Poniendo a prueba nuestra capacidad de generar nuevos ámbitos de fuerte pertenencia, articulando consensos amplios que operen como contención a partir de acciones concretas de acumulación de capital social. Capital social que se expresa en poder comunitario, en capacidad legislativa desde la sociedad y atendiendo las necesidades reales de la población.

Porque de lo que se trata en realidad es de la vida de la gente. Los tres ejes planteados (la política, el trabajo y el nuevo pensamiento) se orientan necesariamente hacia lo que podríamos sintetizar como una mejor calidad de vida para la sociedad en su conjunto. Como en el poema de Gelman: “para que peones maestros hacheros coman mejor vivan mejor”.

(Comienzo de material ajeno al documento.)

text \<open>Completing the square, the Lagrangian is
  \<open>L(z,\<lambda>,\<mu>) = -\<onehalf> w\<^sup>T D\<^sup>-\<^sup>1 w + \<onehalf> (z - D\<^sup>-\<^sup>1 w)\<^sup>T D (z - D\<^sup>-\<^sup>1 w)\<close> with
  \<open>w = v - \<lambda> c + \<mu> e\<^sub>n\<close>, so it has the unique minimiser \<open>D\<^sup>-\<^sup>1 w\<close> and the dual function is
  \<open>-\<onehalf> w\<^sup>T D\<^sup>-\<^sup>1 w\<close>. The choice of \<open>\<lambda>*\<close> and \<open>\<mu>*\<close> makes \<open>z* = D\<^sup>-\<^sup>1 w\<close> satisfy the KKT
  conditions; the indicator distinguishes whether the constraint \<open>z\<^sub>n \<ge> 0\<close> is active.
  Weak duality then makes \<open>z*\<close> the strict primal minimiser and \<open>(\<lambda>*,\<mu>*)\<close> the strict
  dual maximiser, the latter because \<open>(\<lambda>,\<mu>) \<mapsto> D\<^sup>-\<^sup>1 w\<close> is injective once some \<open>c\<^sub>i\<close>
  with \<open>i < n\<close> is nonzero. The norm bounds come from \<open>z*\<^sup>T D z* = v\<^sup>T z*\<close> and
  \<open>\<lambda>* c - \<mu>* e\<^sub>n = v - D z*\<close>.\<close>

lemma cINF_eq_strict_minimum:
  fixes f :: "'a \<Rightarrow> 'b::conditionally_complete_linorder"
  assumes "a \<in> A" and "\<And>x. x \<in> A \<Longrightarrow> x \<noteq> a \<Longrightarrow> f a < f x"
  shows "(INF x\<in>A. f x) = f a"
proof (rule cInf_eq_minimum)
  fix y assume "y \<in> f ` A"
  then obtain x where "x \<in> A" "y = f x" by blast
  then show "f a \<le> y" using assms(2)[of x] by (cases "x = a") auto
qed (use assms(1) in blast)

lemma cSUP_eq_strict_maximum:
  fixes f :: "'a \<Rightarrow> 'b::conditionally_complete_linorder"
  assumes "a \<in> A" and "\<And>x. x \<in> A \<Longrightarrow> x \<noteq> a \<Longrightarrow> f x < f a"
  shows "(SUP x\<in>A. f x) = f a"
proof (rule cSup_eq_maximum)
  fix y assume "y \<in> f ` A"
  then obtain x where "x \<in> A" "y = f x" by blast
  then show "y \<le> f a" using assms(2)[of x] by (cases "x = a") auto
qed (use assms(1) in blast)

definition dinv :: "nat \<Rightarrow> (nat \<Rightarrow> real) \<Rightarrow> (nat \<Rightarrow> real) \<Rightarrow> nat \<Rightarrow> real" where
  "dinv n d w = (\<lambda>i. if i \<in> {1..n} then w i / d i else 0)"

definition lagr_coeff :: "nat \<Rightarrow> (nat \<Rightarrow> real) \<Rightarrow> (nat \<Rightarrow> real) \<Rightarrow> real \<Rightarrow> real \<Rightarrow> nat \<Rightarrow> real" where
  "lagr_coeff n v c lam mu = (\<lambda>i. v i - lam * c i + mu * unitv n i)"

lemma dinv_Rn: "dinv n d w \<in> Rn n"
  by (simp add: Rn_def dinv_def)

lemma dotp_unitv: "1 \<le> n \<Longrightarrow> dotp n (unitv n) z = z n"
  unfolding dotp_def unitv_def by (simp add: if_distrib[of "\<lambda>x. x * _"] cong: if_cong)

lemma quadDinv_unitv: "1 \<le> n \<Longrightarrow> quadDinv n d c (unitv n) = c n / d n"
  unfolding quadDinv_def unitv_def by (simp add: if_distrib[of "\<lambda>x. c _ * x / _"] cong: if_cong)

lemma dotp_lagr_coeff:
  assumes "1 \<le> n"
  shows "dotp n (lagr_coeff n v c lam mu) z = dotp n v z - lam * dotp n c z + mu * z n"
proof -
  have "dotp n (lagr_coeff n v c lam mu) z = dotp n v z - lam * dotp n c z + mu * dotp n (unitv n) z"
    by (simp add: lagr_coeff_def dotp_def algebra_simps sum.distrib sum_subtractf sum_distrib_left)
  then show ?thesis by (simp add: dotp_unitv[OF assms])
qed

lemma lagr_eq: "lagr n d v c z lam mu = 1/2 * quadD n d z z - dotp n (lagr_coeff n v c lam mu) z"
  by (simp add: lagr_def objf_def lagr_coeff_def dotp_def algebra_simps sum.distrib
      sum_subtractf sum_distrib_left)

lemma lagr_eq_objf: "1 \<le> n \<Longrightarrow> lagr n d v c z lam mu = objf n d v z + lam * dotp n c z - mu * z n"
  by (simp add: lagr_def dotp_unitv)

lemma quadDinv_lagr_coeff:
  assumes "1 \<le> n"
  shows "quadDinv n d c (lagr_coeff n v c lam mu)
     = quadDinv n d c v - lam * quadDinv n d c c + mu * c n / d n"
proof -
  have "quadDinv n d c (lagr_coeff n v c lam mu)
      = quadDinv n d c v - lam * quadDinv n d c c + mu * quadDinv n d c (unitv n)"
    by (simp add: lagr_coeff_def quadDinv_def algebra_simps sum.distrib sum_subtractf
        sum_distrib_left add_divide_distrib diff_divide_distrib)
  then show ?thesis by (simp add: quadDinv_unitv[OF assms])
qed
theorem mainTheorem2:
  fixes p1 p2 p3 :: "real measure"
  assumes "prob_space p1" "prob_space p2" "prob_space p3"
    and "sets p1 = sets nnb" "sets p2 = sets nnb" "sets p3 = sets nnb"
    and "distr (p1 \<Otimes>\<^sub>M (p2 \<Otimes>\<^sub>M p3)) (p1 \<Otimes>\<^sub>M (p2 \<Otimes>\<^sub>M p3)) R3 = p1 \<Otimes>\<^sub>M (p2 \<Otimes>\<^sub>M p3)"
  shows "(\<forall>S' S''. hexdom S' \<longrightarrow> hexdom S'' \<longrightarrow> S' \<subseteq> S'' \<longrightarrow>
            distr (PS p1 p2 p3 S'') (PiM (ES S') (\<lambda>_. nnb)) (\<lambda>\<omega>. restrict \<omega> (ES S')) = PS p1 p2 p3 S')
       \<and> (\<exists>!P. prob_space P \<and> sets P = sets (PiM Edges (\<lambda>_. nnb)) \<and>
            (\<forall>S. hexdom S \<longrightarrow> distr P (PiM (ES S) (\<lambda>_. nnb)) (\<lambda>\<omega>. restrict \<omega> (ES S)) = PS p1 p2 p3 S))
       \<and> (\<forall>P. prob_space P \<and> sets P = sets (PiM Edges (\<lambda>_. nnb)) \<and>
            (\<forall>S. hexdom S \<longrightarrow> distr P (PiM (ES S) (\<lambda>_. nnb)) (\<lambda>\<omega>. restrict \<omega> (ES S)) = PS p1 p2 p3 S)
          \<longrightarrow> (\<forall>a\<in>Ztil. distr P (PiM Edges (\<lambda>_. nnb)) (\<lambda>\<omega>. \<lambda>e\<in>Edges. \<omega> (shift_edge a e)) = P))"
proof -
  interpret stationary_laws p1 p2 p3
    by (simp add: stationary_laws_def stationary_laws_axioms_def noise_laws_def assms)
  obtain P where P: "prob_space P" "sets P = sets (PiM Edges (\<lambda>_. nnb))"
    "\<forall>S. hexdom S \<longrightarrow> distr P (PiM (ES S) (\<lambda>_. nnb)) (\<lambda>\<omega>. restrict \<omega> (ES S)) = PS p1 p2 p3 S"
    using PS_extension_exists by blast
  then have unique: "\<exists>!P. prob_space P \<and> sets P = sets (PiM Edges (\<lambda>_. nnb)) \<and>
      (\<forall>S. hexdom S \<longrightarrow> distr P (PiM (ES S) (\<lambda>_. nnb)) (\<lambda>\<omega>. restrict \<omega> (ES S)) = PS p1 p2 p3 S)"
    by (intro ex1I[of _ P]) (auto intro: PS_extension_unique[symmetric])
  show ?thesis
  proof (intro conjI allI impI ballI)
    fix S' S'' assume "hexdom S'" "hexdom S''" "S' \<subseteq> S''"
    then show "distr (PS p1 p2 p3 S'') (PiM (ES S') (\<lambda>_. nnb)) (\<lambda>\<omega>. restrict \<omega> (ES S'))
        = PS p1 p2 p3 S'"
      by (rule PS_consistent)
  next
    fix Q a assume "prob_space Q \<and> sets Q = sets (PiM Edges (\<lambda>_. nnb)) \<and>
      (\<forall>S. hexdom S \<longrightarrow> distr Q (PiM (ES S) (\<lambda>_. nnb)) (\<lambda>\<omega>. restrict \<omega> (ES S)) = PS p1 p2 p3 S)"
      and "a \<in> Ztil"
    then show "distr Q (PiM Edges (\<lambda>_. nnb)) (\<lambda>\<omega>. \<lambda>e\<in>Edges. \<omega> (shift_edge a e)) = Q"
      using PS_extension_shift_invariant by blast
  qed (fact unique)
qed

end
(* Let $\gamma:[0,1]\to\mathbb{R}^{d}$ be a rationally non-degenerate analytic curve of order $\kappa\in\mathbb{N}$ (so $\kappa<\infty$). Then there exists a sequence $\{\rho_{n}\}_{n=1}^{\infty}$ satisfying $n^{\kappa}\leq\rho_{n}\leq n^{(\kappa+1)^{2}}$ for all $n\in\mathbb{N}$ such that the sequence of probability measures \[ \mu_{n}=\frac{1}{n}\sum_{k=1}^{n}\delta_{\pi(\rho_{n}\gamma(k/n))} \] on $\mathbb{T}^{d}=\mathbb{R}^{d}/\mathbb{Z}^{d}$ does not equidistribute.
   Context: $\pi:\mathbb{R}^{d}\to\mathbb{R}^{d}/\mathbb{Z}^{d}$ is the natural projection. A sequence of probability measures $\mu_n$ on $\mathbb{T}^d$ equidistributes if $\lim_{n\to\infty}\mu_{n}(f)=\int_{\mathbb{T}^{d}}f\,d\mathbf{x}$ for all continuous $f$ on $\mathbb{T}^{d}$, where $d\mathbf{x}$ is normalized Haar measure. "Analytic" means real analytic (on a neighbourhood of $[0,1]$). For a smooth curve $\gamma:[0,1]\to\mathbb{R}^{d}$ and $j\in\mathbb{N}$, $\gamma^{(j)}$ denotes the componentwise $j$-th derivative. $\gamma$ is rationally non-degenerate of order $\kappa\in\mathbb{N}\cup\{\infty\}$ if $\kappa=\sup\{j\in\mathbb{N}: \text{for every }\mathbf{h}\in\mathbb{Z}^{d}\setminus\{\mathbf{0}\},\ t\mapsto\langle\mathbf{h},\gamma^{(j)}(t)\rangle\text{ is not identically zero}\}$. *)

theory Defs
  imports "HOL-Analysis.Analysis"
begin

definition real_analytic_on :: "(real \<Rightarrow> real) \<Rightarrow> real set \<Rightarrow> bool" where
  "real_analytic_on f S \<longleftrightarrow>
     (\<forall>x\<in>S. \<exists>r>0. \<exists>a::nat \<Rightarrow> real. \<forall>y. \<bar>y - x\<bar> < r \<longrightarrow> (\<lambda>n. a n * (y - x) ^ n) sums f y)"

definition analytic_curve :: "(real \<Rightarrow> real ^ 'd) \<Rightarrow> bool" where
  "analytic_curve \<gamma> \<longleftrightarrow>
     (\<exists>U. open U \<and> {0..1} \<subseteq> U \<and> (\<forall>i. real_analytic_on (\<lambda>t. \<gamma> t $ i) U))"

definition curve_deriv :: "nat \<Rightarrow> (real \<Rightarrow> real ^ 'd) \<Rightarrow> real \<Rightarrow> real ^ 'd" where
  "curve_deriv j \<gamma> t = (\<chi> i. (deriv ^^ j) (\<lambda>s. \<gamma> s $ i) t)"

definition nondeg_at :: "(real \<Rightarrow> real ^ 'd) \<Rightarrow> nat \<Rightarrow> bool" where
  "nondeg_at \<gamma> j \<longleftrightarrow>
     (\<forall>h :: int ^ 'd. h \<noteq> 0 \<longrightarrow>
        \<not> (\<forall>t\<in>{0..1}. (\<chi> i. real_of_int (h $ i)) \<bullet> curve_deriv j \<gamma> t = 0))"

definition rat_nondeg_order :: "(real \<Rightarrow> real ^ 'd) \<Rightarrow> nat \<Rightarrow> bool" where
  "rat_nondeg_order \<gamma> \<kappa> \<longleftrightarrow>
     \<kappa> \<ge> 1 \<and> nondeg_at \<gamma> \<kappa> \<and> (\<forall>j>\<kappa>. \<not> nondeg_at \<gamma> j)"

text \<open>Continuous functions on the torus R^d/Z^d = continuous Z^d-periodic functions on R^d.\<close>
definition torus_periodic :: "(real ^ 'd \<Rightarrow> real) \<Rightarrow> bool" where
  "torus_periodic f \<longleftrightarrow> (\<forall>x. \<forall>h :: int ^ 'd. f (x + (\<chi> i. real_of_int (h $ i))) = f x)"

text \<open>Equidistribution of a sequence of empirical measures (1/n) sum_{k=1}^n delta_{pi(x n k)}
  against normalized Haar measure (= Lebesgue measure on the unit cube).\<close>
definition equidistributes :: "(nat \<Rightarrow> nat \<Rightarrow> real ^ 'd) \<Rightarrow> bool" where
  "equidistributes x \<longleftrightarrow>
     (\<forall>f. continuous_on UNIV f \<and> torus_periodic f \<longrightarrow>
        ((\<lambda>n. (1 / real n) * (\<Sum>k=1..n. f (x n k))) \<longlonglongrightarrow> integral (cbox 0 One) f))"
lemma power_elastic_vanishing_imp_zero:
  fixes k :: "real \<Rightarrow> real" and n :: nat
  assumes k': "\<And>s. (k has_real_derivative k' s) (at s)"
    and k'': "\<And>s. (k' has_real_derivative k'' s) (at s)"
    and "3 \<le> n"
    and ode: "\<And>s. real n * deriv (deriv (\<lambda>t. k t ^ (n - 1))) s
                  + real (n - 1) * k s ^ (n + 1) + real n * k s ^ (n - 1) = 0"
    and "k s\<^sub>0 = 0"
  shows "k s = 0"
proof -
  obtain m where n: "n = m + 3" using \<open>3 \<le> n\<close> by (metis add.commute le_Suc_ex)
  define f' where "f' s = real (m + 2) * k s ^ (m + 1) * k' s" for s
  define f'' where "f'' s = real (m + 2) * (real (m + 1) * k s ^ m * (k' s)\<^sup>2 + k s ^ (m + 1) * k'' s)" for s
  have D1: "((\<lambda>t. k t ^ (m + 2)) has_real_derivative f' s) (at s)"
    and D2: "(f' has_real_derivative f'' s) (at s)" for s
    unfolding f'_def[abs_def] f''_def using power_has_second_derivative[OF k' k'', of "m + 2"] by simp_all
  have "deriv (deriv (\<lambda>t. k t ^ (m + 2))) = f''"
    using DERIV_imp_deriv D1 D2 by (metis ext)
  then have ode': "real (m + 3) * f'' s + real (m + 2) * k s ^ (m + 4) + real (m + 3) * k s ^ (m + 2) = 0" for s
    using ode[of s] by (simp add: n eval_nat_numeral)
  define a where "a t = k t ^ (m + 2)" for t
  define b where "b t = k t ^ (m + 3)" for t
  have Da: "(a has_real_derivative real (m + 2) * k s ^ (m + 1) * k' s) (at s)"
    and Db: "(b has_real_derivative real (m + 3) * k s ^ (m + 2) * k' s) (at s)" for s
    unfolding a_def[abs_def] b_def[abs_def]
    using power_has_second_derivative(1)[OF k' k'', of "m + 2"]
      power_has_second_derivative(1)[OF k' k'', of "m + 3"] by simp_all
  \<comment> \<open>A first integral of the equation: its derivative is \<open>2 n f'\<close> times the left-hand side.\<close>
  define E where "E s = (real (m + 3) * f' s)\<^sup>2 + (real (m + 2) * b s)\<^sup>2
                        + (real (m + 3) * a s)\<^sup>2" for s
  have E': "(E has_real_derivative 2 * real (m + 3) * f' s *
          (real (m + 3) * f'' s + real (m + 2) * k s ^ (m + 4) + real (m + 3) * k s ^ (m + 2))) (at s)" for s
    unfolding E_def[abs_def]
    apply (rule DERIV_cong, (auto intro!: derivative_eq_intros Da Db D2)[1])
    by (simp add: a_def b_def f'_def power_add power3_eq_cube power4_eq_xxxx) (simp add: algebra_simps)
  have "(E has_real_derivative 0) (at s)" for s
    using E'[of s] unfolding ode'[of s] by simp
  then have "E s = E s\<^sub>0" using DERIV_isconst_all by blast
  also have "E s\<^sub>0 = 0" by (simp add: E_def f'_def a_def b_def \<open>k s\<^sub>0 = 0\<close>)
  finally have "(real (m + 3) * a s)\<^sup>2 = 0"
    unfolding E_def by (simp add: add_nonneg_eq_0_iff)
  then show "k s = 0" by (auto simp: a_def)
qed

lemma powr_elastic_periodic_imp_unit_interval:
  fixes k :: "real \<Rightarrow> real"
  assumes k': "\<And>s. (k has_real_derivative k' s) (at s)"
    and k'': "\<And>s. (k' has_real_derivative k'' s) (at s)"
    and pos: "\<And>s. k s > 0"
    and ode: "\<And>s. p * deriv (deriv (\<lambda>t. k t powr (p - 1))) s
                  + (p - 1) * k s powr (p + 1) + p * k s powr (p - 1) = 0"
    and "L > 0" and per: "\<And>s. k (s + L) = k s"
  shows "0 \<le> p \<and> p \<le> 1"
proof (rule ccontr)
  assume "\<not> (0 \<le> p \<and> p \<le> 1)"
  define f' where "f' s = (p - 1) * k s powr (p - 1 - 1) * k' s" for s
  define f'' where "f'' s = (p - 1) * ((p - 1 - 1) * k s powr (p - 1 - 2) * (k' s)\<^sup>2
                                        + k s powr (p - 1 - 1) * k'' s)" for s
  have D1: "((\<lambda>t. k t powr (p - 1)) has_real_derivative f' s) (at s)"
    and D2: "(f' has_real_derivative f'' s) (at s)" for s
    unfolding f'_def[abs_def] f''_def using powr_has_second_derivative[OF k' k'' pos] by blast+
  have "deriv (deriv (\<lambda>t. k t powr (p - 1))) = f''"
    using DERIV_imp_deriv D1 D2 by (metis ext)
  moreover have "k s powr (p + 1) = k s powr (p - 1) * (k s)\<^sup>2" for s
    using powr_add[of "k s" "p - 1" 2] pos[of s] by (simp add: powr_numeral add.commute)
  ultimately have ode': "p * f'' s + k s powr (p - 1) * ((p - 1) * (k s)\<^sup>2 + p) = 0" for s
    using ode[of s] by (simp add: algebra_simps)
  obtain s where "f'' s = 0"
    using periodic_second_derivative_has_zero[OF D1 D2 \<open>L > 0\<close>] per by auto
  with ode'[of s] pos[of s] have "(p - 1) * (k s)\<^sup>2 + p = 0" by simp
  moreover have "(p - 1) * (k s)\<^sup>2 \<ge> 0 \<longleftrightarrow> p \<ge> 1"
    using pos[of s] by (simp add: zero_le_mult_iff)
  ultimately show False using \<open>\<not> (0 \<le> p \<and> p \<le> 1)\<close> by linarith
qed

lemma has_real_derivative_triple_product:
  fixes a b c :: "real \<Rightarrow> real^3"
  assumes "(a has_vector_derivative a') (at s)" "(b has_vector_derivative b') (at s)"
    "(c has_vector_derivative c') (at s)"
  shows "((\<lambda>t. a t \<bullet> cross3 (b t) (c t)) has_real_derivative
     a s \<bullet> (cross3 (b s) c' + cross3 b' (c s)) + a' \<bullet> cross3 (b s) (c s)) (at s)"
proof -
  have "bounded_bilinear cross3"
    using bilinear_cross bilinear_conv_bounded_bilinear by blast
  from bounded_bilinear.has_vector_derivative[OF this assms(2,3)]
  have "((\<lambda>t. cross3 (b t) (c t)) has_vector_derivative cross3 (b s) c' + cross3 b' (c s)) (at s)" .
  from bounded_bilinear.has_vector_derivative[OF bounded_bilinear_inner assms(1) this]
  show ?thesis unfolding has_real_derivative_iff_has_vector_derivative .
qed

lemma geod_curv_twice_differentiable:
  assumes "sphere_arclength_curve \<gamma>"
  obtains \<kappa>' \<kappa>'' where "\<And>s. (geod_curv \<gamma> has_real_derivative \<kappa>' s) (at s)"
    and "\<And>s. (\<kappa>' has_real_derivative \<kappa>'' s) (at s)"
proof -
  obtain g :: "nat \<Rightarrow> real \<Rightarrow> real^3" where g0: "g 0 = \<gamma>"
    and g: "\<And>k s. k < 4 \<Longrightarrow> (g k has_vector_derivative g (Suc k) s) (at s)"
    using assms unfolding sphere_arclength_curve_def by blast
  have g0': "(g 0 has_vector_derivative g 1 s) (at s)"
    and g1': "(g 1 has_vector_derivative g 2 s) (at s)"
    and g2': "(g 2 has_vector_derivative g 3 s) (at s)"
    and g3': "(g 3 has_vector_derivative g 4 s) (at s)" for s
    using g[of 0] g[of 1] g[of 2] g[of 3] by (simp_all add: eval_nat_numeral)
  have "vector_derivative \<gamma> (at t) = g 1 t" "vector_derivative (g 1) (at t) = g 2 t" for t
    using g0' g1' g0 vector_derivative_at by blast+
  then have \<kappa>: "geod_curv \<gamma> = (\<lambda>s. g 0 s \<bullet> cross3 (g 1 s) (g 2 s))"
    by (simp add: geod_curv_def g0 fun_eq_iff)
  define \<kappa>' where "\<kappa>' s = g 0 s \<bullet> cross3 (g 1 s) (g 3 s)" for s
  have "(geod_curv \<gamma> has_real_derivative \<kappa>' s) (at s)" for s
    using has_real_derivative_triple_product[OF g0' g1' g2', of s]
    by (simp add: \<kappa> \<kappa>'_def dot_cross_self)
  moreover have "(\<kappa>' has_real_derivative
      g 0 s \<bullet> (cross3 (g 1 s) (g 4 s) + cross3 (g 2 s) (g 3 s)) + g 1 s \<bullet> cross3 (g 1 s) (g 3 s)) (at s)" for s
    unfolding \<kappa>'_def[abs_def] by (rule has_real_derivative_triple_product[OF g0' g1' g3'])
  ultimately show ?thesis by (rule that)
qed

lemma ppow_of_nat_plus_one: "ppow (real n) 1 x = x ^ (n + 1)"
proof -
  have "int n + 1 = int (n + 1)" by simp
  then show ?thesis unfolding ppow_def by (simp only: power_int_of_nat floor_of_nat of_nat_in_Nats if_True)
qed

lemma ppow_of_nat_minus_one: "0 < n \<Longrightarrow> ppow (real n) (-1) x = x ^ (n - 1)"
proof -
  assume "0 < n"
  then have "int n + -1 = int (n - 1)" by simp
  then show ?thesis unfolding ppow_def by (simp only: power_int_of_nat floor_of_nat of_nat_in_Nats if_True)
qed

lemma ppow_not_nat: "p \<notin> \<nat> \<Longrightarrow> ppow p a x = x powr (p + of_int a)"
  by (simp add: ppow_def)

lemma p_elastic_curve_zero_geodesic:
  assumes "p_elastic_curve 0 \<gamma>"
  shows "geod_curv \<gamma> s = 0"
  using assms ppow_of_nat_plus_one[of 0] by (simp add: p_elastic_curve_def)

lemma not_p_elastic_curve_one: "\<not> p_elastic_curve 1 \<gamma>"
  using ppow_of_nat_minus_one[of 1] by (simp add: p_elastic_curve_def)

lemma p_elastic_curve_nat_periodic_geodesic:
  assumes elastic: "p_elastic_curve (real n) \<gamma>" and "3 \<le> n"
    and "L > 0" and per: "\<And>s. geod_curv \<gamma> (s + L) = geod_curv \<gamma> s"
  shows "geod_curv \<gamma> s = 0"
proof -
  obtain \<kappa>' \<kappa>'' where \<kappa>': "\<And>s. (geod_curv \<gamma> has_real_derivative \<kappa>' s) (at s)"
    and \<kappa>'': "\<And>s. (\<kappa>' has_real_derivative \<kappa>'' s) (at s)"
    using elastic geod_curv_twice_differentiable unfolding p_elastic_curve_def by blast
  have ode: "real n * deriv (deriv (\<lambda>t. geod_curv \<gamma> t ^ (n - 1))) s
      + real (n - 1) * geod_curv \<gamma> s ^ (n + 1) + real n * geod_curv \<gamma> s ^ (n - 1) = 0" for s
    using elastic \<open>3 \<le> n\<close> by (simp add: p_elastic_curve_def ppow_of_nat_plus_one ppow_of_nat_minus_one)
  obtain s\<^sub>0 where "geod_curv \<gamma> s\<^sub>0 = 0"
    using power_elastic_periodic_has_zero[OF \<kappa>' \<kappa>'' _ ode \<open>L > 0\<close> per] \<open>3 \<le> n\<close> by auto
  then show ?thesis using power_elastic_vanishing_imp_zero[OF \<kappa>' \<kappa>'' \<open>3 \<le> n\<close> ode] by blast
qed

Para esto es esencial potenciar la iniciativa, recrear el compromiso y multiplicar la organización de carácter popular, libre, y democrática de nuestra sociedad.

La factoría próspera es una ilusión gastada que ya no nos pueden ofrecer como modelo. Siempre queda el camino de la autodeterminación. Una elección que puede ser el homenaje más constructivo a todos aquellos que dieron su vida por esta causa.